Over a career spanning 25 years, Williams created the OWASP Foundation, a worldwide open-source application security organization; founded Aspect Security, a consulting firm focusing exclusively on application security; and launched Contrast Security, which concentrates on fully automating application security at the speed of DevOps. His Twitter feed is full of solid information on application security, "shifting left," and reducing vulnerability remediation times through the use of modern app sec tools.

Robin Wood

@DigiNinja

Wood is a freelance security consultant specializing in web app testing. He has a developer background, which can be a plus when explaining security problems in apps to the people who made them. He is also co-founder of the SteelCon conference, is an associate lecturer at Sheffield Hallam University in the UK, and has been a speaker at a number of conferences, including Def Con, ShmooCon, and Wild West Hackin’ Fest. He likes to mix a little whimsy into his Twitter feed.

Chris Wysopal

@WeldPond

A former programmer at Lotus and later a security researcher at the hacker collective L0pht, Wysopal was part of a team that warned Congress about gaping Internet vulnerabilities as far back as 1998. Wysopal is CTO and a co-founder of Veracode, an application security vendor.
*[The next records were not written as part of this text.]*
(* Let $\ell\ge1$, $2n=\ell(\ell+1)$, and fix integers $k\ge1$ and $N\ge1$ independent of $\ell$, with $2k\le\ell+1$. Let $Y^{(1)},\dots,Y^{(N)}$ be independent, each uniformly random among all ordered partitions of $[2n]$ into $\ell+1$ subsets of size $\ell$. Then the probability $P_N$ that some $S\in\mathcal S_{2k}$ is generated by none of $Y^{(1)},\dots,Y^{(N)}$ satisfies $P_N\le\binom{2n}{2k}P(S)^N$ and $P_N=\mathcal O(\ell^{4k-N})$ as $\ell\to\infty$; in particular $P_N\to0$ whenever $N>4k$.
   Context: $\mathcal S_{2k}=\{S\subseteq[2n]:|S|=2k\}$. A set $S$ is generated from a partition $Y=(Y_1,\dots,Y_{\ell+1})$ if no two elements of $S$ lie in the same $Y_i$. $P(S)=1-\ell^{2k}\binom{\ell+1}{2k}\binom{2n}{2k}^{-1}$ is the probability that a fixed $S$ is not generated by one uniformly random partition. *)

theory Defs
  imports "HOL-Probability.Probability" "HOL-Library.Landau_Symbols"
begin

text \<open>Ground set [2n] with 2n = l(l+1), realised as {1..l*(l+1)}.\<close>

text \<open>Blocks are indexed by 0..l; the function is fixed to be empty outside the index range
  so that the set of ordered partitions is finite.\<close>
definition ordered_partitions :: "nat \<Rightarrow> (nat \<Rightarrow> nat set) set" where
  "ordered_partitions l =
    {Y. (\<forall>i<l+1. card (Y i) = l) \<and>
        (\<forall>i<l+1. \<forall>j<l+1. i \<noteq> j \<longrightarrow> Y i \<inter> Y j = {}) \<and>
        (\<Union>i<l+1. Y i) = {1..l*(l+1)} \<and>
        (\<forall>i. l+1 \<le> i \<longrightarrow> Y i = {})}"

definition generated_by :: "nat \<Rightarrow> (nat \<Rightarrow> nat set) \<Rightarrow> nat set \<Rightarrow> bool" where
  "generated_by l Y S \<longleftrightarrow> (\<forall>i<l+1. \<forall>x\<in>S. \<forall>y\<in>S. x \<in> Y i \<longrightarrow> y \<in> Y i \<longrightarrow> x = y)"

definition subsets_2k :: "nat \<Rightarrow> nat \<Rightarrow> nat set set" where
  "subsets_2k l k = {S. S \<subseteq> {1..l*(l+1)} \<and> card S = 2*k}"

definition P_single :: "nat \<Rightarrow> nat \<Rightarrow> real" where
  "P_single l k = 1 - real l ^ (2*k) * real ((l+1) choose (2*k)) / real ((l*(l+1)) choose (2*k))"

definition partitions_pmf :: "nat \<Rightarrow> nat \<Rightarrow> (nat \<Rightarrow> nat \<Rightarrow> nat set) pmf" where
  "partitions_pmf l N = Pi_pmf {..<N} (\<lambda>_. {}) (\<lambda>_. pmf_of_set (ordered_partitions l))"

definition P_N :: "nat \<Rightarrow> nat \<Rightarrow> nat \<Rightarrow> real" where
  "P_N l k N = measure_pmf.prob (partitions_pmf l N)
     {Ys. \<exists>S\<in>subsets_2k l k. \<forall>j<N. \<not> generated_by l (Ys j) S}"

end

theory Submission
  imports Defs
begin

text \<open>
  Fix a 2k-set S. Relabelling the ground set by a permutation that carries S to another 2k-set
  shows that the number of ordered partitions generating S does not depend on S; double counting
  pairs (S, Y) with Y generating S, against the l^{2k} binom(l+1, 2k) sets generated by each
  partition, shows that one uniform partition generates S with probability exactly 1 - P(S).
  Independence and the union bound over the binom(2n, 2k) candidate sets give the first claim.
  For the asymptotics, P(S) = 1 - \<Prod>_{i<2k} l(l+1-i)/(l(l+1)-i) \<le> (2k)^2/l by Bernoulli's
  inequality, while binom(2n, 2k) \<le> (2l^2)^{2k}; hence P_N = O(l^{4k} l^{-N}).
\<close>

lemma ordered_partition_card: "Y \<in> ordered_partitions l \<Longrightarrow> i < l+1 \<Longrightarrow> card (Y i) = l"
  by (simp add: ordered_partitions_def)

lemma ordered_partition_disjoint: "Y \<in> ordered_partitions l \<Longrightarrow> disjoint_family_on Y {..<l+1}"
  by (simp add: ordered_partitions_def disjoint_family_on_def)

lemma ordered_partition_Union: "Y \<in> ordered_partitions l \<Longrightarrow> (\<Union>i<l+1. Y i) = {1..l*(l+1)}"
  by (simp add: ordered_partitions_def)

lemma ordered_partition_subset:
  assumes "Y \<in> ordered_partitions l"
  shows "Y i \<subseteq> {1..l*(l+1)}"
proof (cases "i < l+1")
  case True
  then show ?thesis using ordered_partition_Union[OF assms] by blast
next
  case False
  then show ?thesis using assms by (simp add: ordered_partitions_def)
qed

lemma finite_ordered_partitions: "finite (ordered_partitions l)"
proof (rule finite_subset)
  show "ordered_partitions l \<subseteq>
      {Y. \<forall>i. (i \<in> {..<l+1} \<longrightarrow> Y i \<in> Pow {1..l*(l+1)}) \<and> (i \<notin> {..<l+1} \<longrightarrow> Y i = {})}"
    using ordered_partition_subset by (auto simp: ordered_partitions_def)
qed (intro finite_set_of_finite_funs; simp)

lemma Union_consecutive_blocks: "(\<Union>i<m. {i*l<..(i+1)*l}) = {0<..m*l :: nat}"
proof (induction m)
  case (Suc m)
  have "{0<..m*l} \<union> {m*l<..(m+1)*l} = {0<..(m+1)*l}" by (auto simp: ivl_disj_un)
  then show ?case using Suc by (simp add: lessThan_Suc Un_commute)
qed simp

lemma ordered_partitions_nonempty: "ordered_partitions l \<noteq> {}"
proof -
  define Y where "Y i = (if i < l+1 then {i*l<..(i+1)*l} else {})" for i
  have disjoint: "disjoint_family_on Y {..<l+1}"
  proof -
    have "Y i \<inter> Y j = {}" if "i < j" for i j
    proof -
      have "(i+1)*l \<le> j*l" using that by (intro mult_right_mono) auto
      then show ?thesis by (auto simp: Y_def)
    qed
    then show ?thesis
      unfolding disjoint_family_on_def by (metis Int_commute linorder_neqE_nat)
  qed
  have "(\<Union>i<l+1. Y i) = (\<Union>i<l+1. {i*l<..(i+1)*l})"
    by (simp add: Y_def)
  also have "\<dots> = {0<..(l+1)*l}"
    by (rule Union_consecutive_blocks)
  also have "\<dots> = {1..l*(l+1)}"
    by (metis One_nat_def atLeastSucAtMost_greaterThanAtMost mult.commute)
  finally have "Y \<in> ordered_partitions l"
    using disjoint by (simp add: ordered_partitions_def Y_def disjoint_family_on_def)
  then show ?thesis by blast
qed

section \<open>Counting partial transversals\<close>

definition partial_transversal :: "('i \<Rightarrow> 'a set) \<Rightarrow> 'i set \<Rightarrow> 'a set \<Rightarrow> bool" where
  "partial_transversal Y A S \<longleftrightarrow>
     S \<subseteq> (\<Union>i\<in>A. Y i) \<and> (\<forall>i\<in>A. \<forall>x\<in>S. \<forall>y\<in>S. x \<in> Y i \<longrightarrow> y \<in> Y i \<longrightarrow> x = y)"

lemma disjoint_family_on_index_unique:
  "disjoint_family_on Y A \<Longrightarrow> i \<in> A \<Longrightarrow> j \<in> A \<Longrightarrow> x \<in> Y i \<Longrightarrow> x \<in> Y j \<Longrightarrow> i = j"
  unfolding disjoint_family_on_def by blast
(* lower right (q-1)x(q-1) submatrix C(k,l) = M(k+1,l+1) is circulant:
   row k+1 is row k cyclically shifted one position to the right *)
definition cyclic_mat :: "nat \<Rightarrow> 'a mat \<Rightarrow> bool" where
  "cyclic_mat q M \<longleftrightarrow>
     (\<forall>k l. k + 1 < q - 1 \<longrightarrow> l < q - 1 \<longrightarrow>
        M $$ (k + 2, (l + 1) mod (q - 1) + 1) = M $$ (k + 1, l + 1))"

end

(*
  Index rows and columns by the elements of F_p in the order 0, 1, g, g^2, ..., g^(p-2) for a
  primitive root g, and let the entry at (x, y) be x / (y - x) for distinct nonzero x, y, with
  zero diagonal and ones elsewhere on the border. Then skew-symmetry with tau = -1 is the identity
  x / (y - x) + y / (x - y) = -1, cyclicity is the invariance of x / (y - x) under
  (x, y) |-> (g x, g y), and the 2 x 2 minors reduce to a cross-ratio computation.

  After flipping the sign of w(0), a kernel vector w becomes
  a function u whose Cauchy transform sum_y u(y) / (y - x) vanishes for every x <> 0. Multiplying
  by x^(k+1), summing over x and using sum_x x^m / (y - x) = m y^(m-1) (a power-sum computation)
  shows that the moments sum_y u(y) y^k vanish for k < p - 1, because m <> 0 in F_p for 0 < m < p.
  By Fermat, 1 - (y - a)^(p-1) is the indicator of a, so vanishing moments force u to be
  constant, and the border row then forces u = 0.
*)
theory Submission
  imports Defs "Jordan_Normal_Form.Determinant" "HOL-Library.Cardinality"
    "HOL-Number_Theory.Residue_Primitive_Roots"
begin

section \<open>Finite fields\<close>

lemma card_field_ge_2: "2 \<le> card (UNIV :: 'a::{field,finite} set)"
proof -
  have "card {0, 1 :: 'a} \<le> CARD('a)" by (rule card_mono) auto
  then show ?thesis by simp
qed

lemma of_nat_CARD_eq_0: "(of_nat CARD('a) :: 'a::{field,finite}) = 0"
  by (simp add: of_nat_eq_0_iff_char_dvd CHAR_dvd_CARD)

lemma of_nat_CARD_minus_1: "(of_nat (CARD('a) - 1) :: 'a::{field,finite}) = -1"
  using card_field_ge_2[where 'a = 'a] by (simp add: of_nat_CARD_eq_0)

lemma CHAR_eq_CARD_if_prime:
  assumes "prime (card (UNIV :: 'a::{field,finite} set))"
  shows "CHAR('a) = CARD('a)"
proof -
  have "CHAR('a) = 1 \<or> CHAR('a) = CARD('a)"
    using CHAR_dvd_CARD[where 'a = 'a] assms prime_nat_iff by blast
  then show ?thesis by auto
qed

lemma power_CARD_minus_1:
  fixes x :: "'a::{field,finite}"
  assumes "x \<noteq> 0"
  shows "x ^ (CARD('a) - 1) = 1"
proof -
  let ?U = "UNIV - {0} :: 'a set"
  have "(\<Prod>y\<in>?U. y) = (\<Prod>y\<in>?U. x * y)"
    by (rule prod.reindex_bij_witness[of _ "\<lambda>y. x * y" "\<lambda>y. y / x"]) (use assms in simp_all)
  also have "\<dots> = x ^ card ?U * (\<Prod>y\<in>?U. y)"
    by (rule prod.distrib[THEN trans]) simp
  also have "card ?U = CARD('a) - 1" by (simp add: card_Diff_singleton)
  finally show ?thesis by simp
qed

lemma inverse_eq_power_CARD_minus_2:
  fixes x :: "'a::{field,finite}"
  assumes "2 < CARD('a)"
  shows "inverse x = x ^ (CARD('a) - 2)"
proof (cases "x = 0")
  case False
  have "CARD('a) - 1 = Suc (CARD('a) - 2)" using assms by linarith
  then have "x ^ (CARD('a) - 2) * x = x ^ (CARD('a) - 1)" by (simp add: power_Suc2)
  then show ?thesis using power_CARD_minus_1[OF False] by (intro inverse_unique) (simp add: mult.commute)
qed (use assms in simp)

lemma sum_nonzero_const:
  fixes c :: "'a::{field,finite}"
  shows "(\<Sum>x\<in>(UNIV :: 'a set). if x = 0 then 0 else c) = - c"
proof -
  have "(\<Sum>x\<in>(UNIV :: 'a set). if x = 0 then 0 else c) = (\<Sum>x\<in>UNIV - {0 :: 'a}. c)"
    by (rule sum.mono_neutral_cong_right) auto
  also have "\<dots> = of_nat (CARD('a) - 1) * c" by (simp add: card_Diff_singleton)
  also have "\<dots> = - c" by (simp only: of_nat_CARD_minus_1 mult_minus1)
  finally show ?thesis .
qed

lemma power_mod_eq_if_power_eq_1:
  fixes x :: "'a::monoid_mult"
  assumes "x ^ m = 1"
  shows "x ^ (n mod m) = x ^ n"
proof -
  have "x ^ n = (x ^ m) ^ (n div m) * x ^ (n mod m)"
    by (simp flip: power_mult power_add)
  then show ?thesis using assms by simp
qed

definition primitive_element :: "'a::{field,finite} \<Rightarrow> bool" where
  "primitive_element g \<longleftrightarrow> (\<forall>k. g ^ k = 1 \<longleftrightarrow> (CARD('a) - 1) dvd k)"

lemma primitive_element_exists:
  assumes "prime CARD('a)"
  obtains g :: "'a::{field,finite}" where "primitive_element g"
proof -
  let ?p = "CARD('a)"
  obtain r where r: "residue_primroot ?p r"
    using prime_primitive_root_exists assms prime_gt_1_nat by blast
  then have ord: "ord ?p r = ?p - 1"
    using assms by (simp add: residue_primroot_def totient_prime)
  have "(of_nat r :: 'a) ^ k = 1 \<longleftrightarrow> (?p - 1) dvd k" for k
  proof -
    have "(of_nat r :: 'a) ^ k = 1 \<longleftrightarrow> (of_nat (r ^ k) :: 'a) = of_nat 1" by simp
    also have "\<dots> \<longleftrightarrow> [r ^ k = 1] (mod ?p)"
      by (simp only: of_nat_eq_iff_cong_CHAR CHAR_eq_CARD_if_prime[OF assms])
    also have "\<dots> \<longleftrightarrow> (?p - 1) dvd k" by (simp add: ord_divides' ord)
    finally show ?thesis .
  qed
  then show ?thesis using that unfolding primitive_element_def by blast
qed

lemma primitive_element_nonzero:
  fixes g :: "'a::{field,finite}"
  assumes "primitive_element g"
  shows "g \<noteq> 0"
proof
  assume "g = 0"
  moreover have "g ^ (CARD('a) - 1) = 1" using assms by (simp add: primitive_element_def)
  ultimately show False using card_field_ge_2[where 'a = 'a] by (simp add: power_0_left)
qed

lemma primitive_element_power_inj:
  fixes g :: "'a::{field,finite}"
  assumes g: "primitive_element g" and "i < CARD('a) - 1" "j < CARD('a) - 1" and "g ^ i = g ^ j"
  shows "i = j"
proof -
  have ordered: "i = j" if "i \<le> j" "j < CARD('a) - 1" "g ^ i = g ^ j" for i j
  proof -
    have "g ^ i * g ^ (j - i) = g ^ j" using \<open>i \<le> j\<close> by (simp flip: power_add)
    then have "g ^ i * g ^ (j - i) = g ^ i * 1" using \<open>g ^ i = g ^ j\<close> by simp
    then have "g ^ (j - i) = 1" using primitive_element_nonzero[OF g] by simp
    then have "(CARD('a) - 1) dvd (j - i)" using g by (simp add: primitive_element_def)
    moreover have "j - i < CARD('a) - 1" using that by linarith
    ultimately have "j - i = 0" using nat_dvd_not_less by blast
    then show "i = j" using \<open>i \<le> j\<close> by simp
  qed
  show ?thesis using ordered[of i j] ordered[of j i] assms(2-4) by (metis nat_le_linear)
qed

lemma sum_powers_finite_field:
  fixes g :: "'a::{field,finite}"
  assumes g: "primitive_element g"
  shows "(\<Sum>x\<in>UNIV. x ^ n) = (if 0 < n \<and> (CARD('a) - 1) dvd n then -1 else (0::'a))"
proof -
  consider "n = 0" | "0 < n" "(CARD('a) - 1) dvd n" | "0 < n" "\<not> (CARD('a) - 1) dvd n"
    by blast
  then show ?thesis
  proof cases
    case 1
    then show ?thesis by (simp add: of_nat_CARD_eq_0)
  next
    case 2
    then obtain c where n: "n = (CARD('a) - 1) * c" by blast
    have "x ^ n = (if x = 0 then 0 else 1)" for x :: 'a
    proof (cases "x = 0")
      case False
      then show ?thesis unfolding n power_mult using power_CARD_minus_1[OF False] by simp
    qed (use 2 in simp)
    then show ?thesis using 2 sum_nonzero_const[of "1::'a"] by simp
  next
    case 3
    have "g ^ n * (\<Sum>x\<in>UNIV. x ^ n) = (\<Sum>x\<in>UNIV. (g * x) ^ n)"
      by (simp add: power_mult_distrib sum_distrib_left)
    also have "\<dots> = (\<Sum>x\<in>UNIV. x ^ n)"
      by (rule sum.reindex_bij_witness[of _ "\<lambda>x. x / g" "\<lambda>x. g * x"])
        (use primitive_element_nonzero[OF g] in simp_all)
    finally have "g ^ n * (\<Sum>x\<in>UNIV. x ^ n) = 1 * (\<Sum>x\<in>UNIV. x ^ n)" by simp
    moreover have "g ^ n \<noteq> 1" using 3 g by (simp add: primitive_element_def)
    ultimately show ?thesis using 3 by simp
  qed
qed

lemma dvd_eq_if_less_double:
  fixes d n :: nat
  assumes "d dvd n" "0 < n" "n < 2 * d"
  shows "n = d"
proof -
  obtain c where n: "n = d * c" using assms(1) by blast
  then have "0 < c" "c < 2" using assms(2,3) by auto
  then show ?thesis by (simp add: n)
qed

section \<open>A Cauchy-type transform\<close>

\<comment> \<open>The term y = x drops out because inverse 0 = 0.\<close>
definition cauchy_transform :: "('a::{field,finite} \<Rightarrow> 'a) \<Rightarrow> 'a \<Rightarrow> 'a" where
  "cauchy_transform u x = (\<Sum>y\<in>UNIV. u y * inverse (y - x))"

lemma sum_power_mul_inverse_diff:
  fixes g y :: "'a::{field,finite}"
  assumes g: "primitive_element g" and q: "2 < CARD('a)" and m: "0 < m" "m < CARD('a)"
  shows "(\<Sum>x\<in>UNIV. x ^ m * inverse (y - x)) = of_nat m * y ^ (m - 1)"
proof -
  let ?q = "CARD('a)"
  have "(\<Sum>x\<in>UNIV. x ^ m * inverse (y - x)) = (\<Sum>x\<in>UNIV. x ^ m * (y - x) ^ (?q - 2))"
    by (simp only: inverse_eq_power_CARD_minus_2[OF q])
  also have "\<dots> = (\<Sum>t\<in>UNIV. (y - t) ^ m * t ^ (?q - 2))"
    by (rule sum.reindex_bij_witness[of _ "\<lambda>t. y - t" "\<lambda>x. y - x"]) simp_all
  also have "\<dots> = (\<Sum>t\<in>UNIV. \<Sum>k\<le>m. of_nat (m choose k) * (-1) ^ k * y ^ (m - k) * t ^ (k + (?q - 2)))"
  proof (rule sum.cong[OF refl])
    fix t :: 'a
    have binomial: "(y - t) ^ m = (\<Sum>k\<le>m. of_nat (m choose k) * (- t) ^ k * y ^ (m - k))"
      using binomial_ring[of "- t" y m] by simp
    show "(y - t) ^ m * t ^ (?q - 2)
        = (\<Sum>k\<le>m. of_nat (m choose k) * (-1) ^ k * y ^ (m - k) * t ^ (k + (?q - 2)))"
      unfolding binomial sum_distrib_right
      by (intro sum.cong refl) (simp add: power_add power_minus[of t] mult_ac)
  qed
  also have "\<dots> = (\<Sum>k\<le>m. of_nat (m choose k) * (-1) ^ k * y ^ (m - k) * (\<Sum>t\<in>UNIV. t ^ (k + (?q - 2))))"
    by (subst sum.swap) (simp add: sum_distrib_left)
  also have "\<dots> = (\<Sum>k\<le>m. if k = 1 then of_nat m * y ^ (m - 1) else 0)"
  proof (rule sum.cong[OF refl])
    fix k assume "k \<in> {..m}"
    then have "k + (?q - 2) < 2 * (?q - 1)" using m by simp
    then have "0 < k + (?q - 2) \<and> (?q - 1) dvd (k + (?q - 2)) \<longleftrightarrow> k = 1"
      using q dvd_eq_if_less_double[of "?q - 1" "k + (?q - 2)"] by auto
    then show "of_nat (m choose k) * (-1) ^ k * y ^ (m - k) * (\<Sum>t\<in>UNIV. t ^ (k + (?q - 2)))
        = (if k = 1 then of_nat m * y ^ (m - 1) else 0)"
      by (simp add: sum_powers_finite_field[OF g])
  qed
  also have "\<dots> = of_nat m * y ^ (m - 1)" using m by simp
  finally show ?thesis .
qed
A self-professed application security and security-transparency buff, Wysopal's tweets are newsy and cover a wide range of security-related topics.

zseano

@zseano

Zseano is the handle of a well-known hacker in the bug bounty community. Over the last few years, the self-taught hacker has created a platform for exchanging bug bounty notes, organized a live hacking event, and hosted a number of online mentoring sessions. He's a full-time bug bounty hunter who lives in the UK and has a "pay it forward" attitude toward life. As he told one interviewer, "I have always had people share their knowledge and help me, so I am just passing the good will on."